We live in one of the most agriculturally rich areas in the country, which means we have access to so much great produce! Working with local farms not only means that we get to support our farmer neighbors (many of whom have also become friends), but it also means that we can enjoy fresh, peak-of-season produce through reduced transit time from field to bakery, test out unique varieties that may not make it to the conventional markets, and truly cook and bake seasonally.
We’re so excited that farmers’ markets are starting up again, and shopping at the markets is the easiest way to support local farms. This year, also look for farms who may be offering direct pickup or delivery services, such as Hayshaker Farm in Walla Walla, Flatau Fruit Farms, or Schreiber Farms. Farmers also have to get creative this season on how to provide produce to their community when area restaurants that may typically be their primary customer are not operating per usual due to coronavirus activity.
Why do you think baking has been such a big part of people’s self-care during the pandemic?
Baking is predictable. In a time of so much unpredictability, baking, even more so than cooking, follows a formula. Measure this, mix in that, add a little of those, and voilà , you have a pie. Or cookies. Or bread.
It’s tangible as well – something that uses all of your senses – feel, taste, smell, sight. We’ve been forced to find creative ways to use our senses when our typical means of distraction aren’t available, and I think that’s a big reason why people have turned to baking and cooking.
We also like to talk about 'breaditation' at the bakery—especially when making bread, there’s a rhythm to the measuring, the mixing, the kneading, the shaping, the baking. There’s a little bit of magic involved as well—it never gets old to bake a loaf of bread, or a cake, or muffins, and to see them rise in the oven. I think there’s also a sense of nostalgia and comfort for many people when they bake – memories of childhood in Grandma’s kitchen, holiday cookies, or a celebratory birthday cake.
Flour has become a hot commodity these days but Ethos was ahead of the curve. What made you decide to mill your own flour?
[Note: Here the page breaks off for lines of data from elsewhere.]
lemma rescaled_KL_bound_of_IOS_OL_bounds:
  assumes KL: "classKL \<beta>" and \<gamma>: "classN \<gamma>" and \<sigma>: "classN \<sigma>"
  obtains \<beta>' \<rho> \<gamma>' where "classKL \<beta>'" "classN \<rho>" "classN \<gamma>'"
    "\<And>r s t v y. 0 \<le> r \<Longrightarrow> 0 \<le> s \<Longrightarrow> 0 \<le> t \<Longrightarrow> 0 \<le> v \<Longrightarrow>
      y \<le> \<beta> s t + \<gamma> v \<Longrightarrow> y \<le> max (\<sigma> r) (\<sigma> v) \<Longrightarrow> y \<le> \<beta>' r (t / (1 + \<rho> s)) + \<gamma>' v"
proof -
  obtain \<rho> D where \<rho>: "classN \<rho>" and D: "classN D" "filterlim D at_top at_top"
    and decay: "\<And>s \<tau>. 0 \<le> s \<Longrightarrow> 0 \<le> \<tau> \<Longrightarrow> D \<tau> * \<beta> s (\<tau> * (1 + \<rho> s)) \<le> 1"
    using classKL_uniform_decay[OF KL] by metis
  define \<beta>' where "\<beta>' r \<tau> = 2 * (\<sigma> r + r) / (1 + (\<sigma> r + r) * D \<tau>)" for r \<tau>
  have "classKL \<beta>'"
    unfolding \<beta>'_def
  proof (rule classKL_comp_time_change[OF classKL_harmonic_mean classK_add_id[OF \<sigma>]])
    have "continuous_on ({0..} \<times> {0..}) (\<lambda>p::real \<times> real. D (snd p))"
      by (rule continuous_on_compose2[OF classN_continuous[OF D(1)]
            continuous_on_snd[OF continuous_on_id]]) auto
    then show "continuous_on ({0..} \<times> {0..}) (\<lambda>(s::real, t). D t)"
      by (simp add: case_prod_beta')
  qed (use D classN_nonneg classN_mono in auto)
  have bound: "y \<le> \<beta>' r (t / (1 + \<rho> s)) + (\<gamma> v + \<sigma> v)"
    if "0 \<le> r" "0 \<le> s" "0 \<le> t" "0 \<le> v" "y \<le> \<beta> s t + \<gamma> v" "y \<le> max (\<sigma> r) (\<sigma> v)"
    for r s t v y
  proof -
    define \<tau> where "\<tau> = t / (1 + \<rho> s)"
    have "0 < 1 + \<rho> s"
      using classN_nonneg[OF \<rho> that(2)] by simp
    then have "0 \<le> \<tau>" and t_eq: "t = \<tau> * (1 + \<rho> s)"
      using that(3) by (simp_all add: \<tau>_def)
    have "0 \<le> \<sigma> r" "0 \<le> \<sigma> v" "0 \<le> \<gamma> v"
      using that classN_nonneg[OF \<sigma>] classN_nonneg[OF \<gamma>] by auto
    then have "y \<le> min (\<beta> s t) (\<sigma> r + r) + \<gamma> v + \<sigma> v"
      using that by (auto simp: min_def max_def split: if_split_asm)
    also have "min (\<beta> s t) (\<sigma> r + r) \<le> \<beta>' r \<tau>"
      unfolding \<beta>'_def using \<open>0 \<le> \<sigma> r\<close> that(1) D(1) \<open>0 \<le> \<tau>\<close> decay[OF that(2) \<open>0 \<le> \<tau>\<close>]
      by (intro min_le_harmonic_mean) (auto simp: t_eq classN_nonneg mult.commute)
    finally show ?thesis
      by (simp add: \<tau>_def)
  qed
  from \<open>classKL \<beta>'\<close> \<rho> classN_add[OF \<gamma> \<sigma>] bound show ?thesis
    by (rule that)
qed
Fresh-milled, locally grown wheat has been part of our operations since we opened. I still remember the first time I tried muffins baked with freshly milled wheat, encouraged by a friend of mine about nine years ago who had a tabletop mill. It’s like trying coffee brewed with freshly ground beans for the first time – the flavors and aromas are so much more distinct!
And, I was so excited to be in a community where we would be able to source one of our primary ingredients directly from a local farm. In recent years, much more effort and research has gone into developing better whole grain recipes as well as breeding different wheat varieties that offer desirable properties for farmers, brewers, bakers, chefs, home cooks, and more. Wheat and grains are kind of like the final frontier for the farm to fork revival, and encouraging and supporting regional grain economies provides not only a renewed connection to an ancient crop that has sustained human life for thousands of years, but also builds resiliency within a community by encouraging more growing, milling, brewing, and baking at a local scale.
What do you think is the most common mistake home bakers make?
Being afraid of a recipe! I’m a perfectionist which means that sometimes the idea of "messing up" a recipe will make me not want to try it or give up part-way through. But, while baking can be intimidating especially to people who like to cook by feel versus by recipe, baking actually can offer a great opportunity for creativity, especially once you understand some of the basic fundamentals (and get to work with great produce).
And even if you make a mistake, most "mistakes" typically come out pretty tasty. ( Unless, you forget the sugar. Been there, done that… ) Oh, and if you’re really getting into at-home baking, buy a scale. It will change your baking life! Measure ingredients by weight, versus by volume, for even more predictable and consistent results.